### WHAT THE TASK REQUIRES
The answer must consist of the records, repeated exactly.
#### MATERIAL FOR THIS EXERCISE
lemma integrable_coefficient_mult:
  assumes q: "q \<in> borel_measurable (lebesgue_on \<Omega>)" "\<And>x. 0 \<le> q x"
    and p: "integrable (lebesgue_on \<Omega>) p" "\<And>x. 0 \<le> p x"
  shows "integrable (lebesgue_on \<Omega>) (\<lambda>x. \<alpha> x (q x) * p x)"
proof (rule Bochner_Integration.integrable_bound[OF integrable_mult_right[OF p(1), of C]])
  show "(\<lambda>x. \<alpha> x (q x) * p x) \<in> borel_measurable (lebesgue_on \<Omega>)"
    using p(1) by (intro borel_measurable_times borel_measurable_caratheodory[OF measurable _ q]
        continuous) auto
  show "AE x in lebesgue_on \<Omega>. norm (\<alpha> x (q x) * p x) \<le> norm (C * p x)"
    by (intro AE_I2 order_trans[OF norm_coefficient_mult_le]) (use q p in auto)
qed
########
### OUTPUT BELOW
lemma integrable_coefficient_mult:
  assumes q: "q \<in> borel_measurable (lebesgue_on \<Omega>)" "\<And>x. 0 \<le> q x"
    and p: "integrable (lebesgue_on \<Omega>) p" "\<And>x. 0 \<le> p x"
  shows "integrable (lebesgue_on \<Omega>) (\<lambda>x. \<alpha> x (q x) * p x)"
proof (rule Bochner_Integration.integrable_bound[OF integrable_mult_right[OF p(1), of C]])
  show "(\<lambda>x. \<alpha> x (q x) * p x) \<in> borel_measurable (lebesgue_on \<Omega>)"
    using p(1) by (intro borel_measurable_times borel_measurable_caratheodory[OF measurable _ q]
        continuous) auto
  show "AE x in lebesgue_on \<Omega>. norm (\<alpha> x (q x) * p x) \<le> norm (C * p x)"
    by (intro AE_I2 order_trans[OF norm_coefficient_mult_le]) (use q p in auto)
qed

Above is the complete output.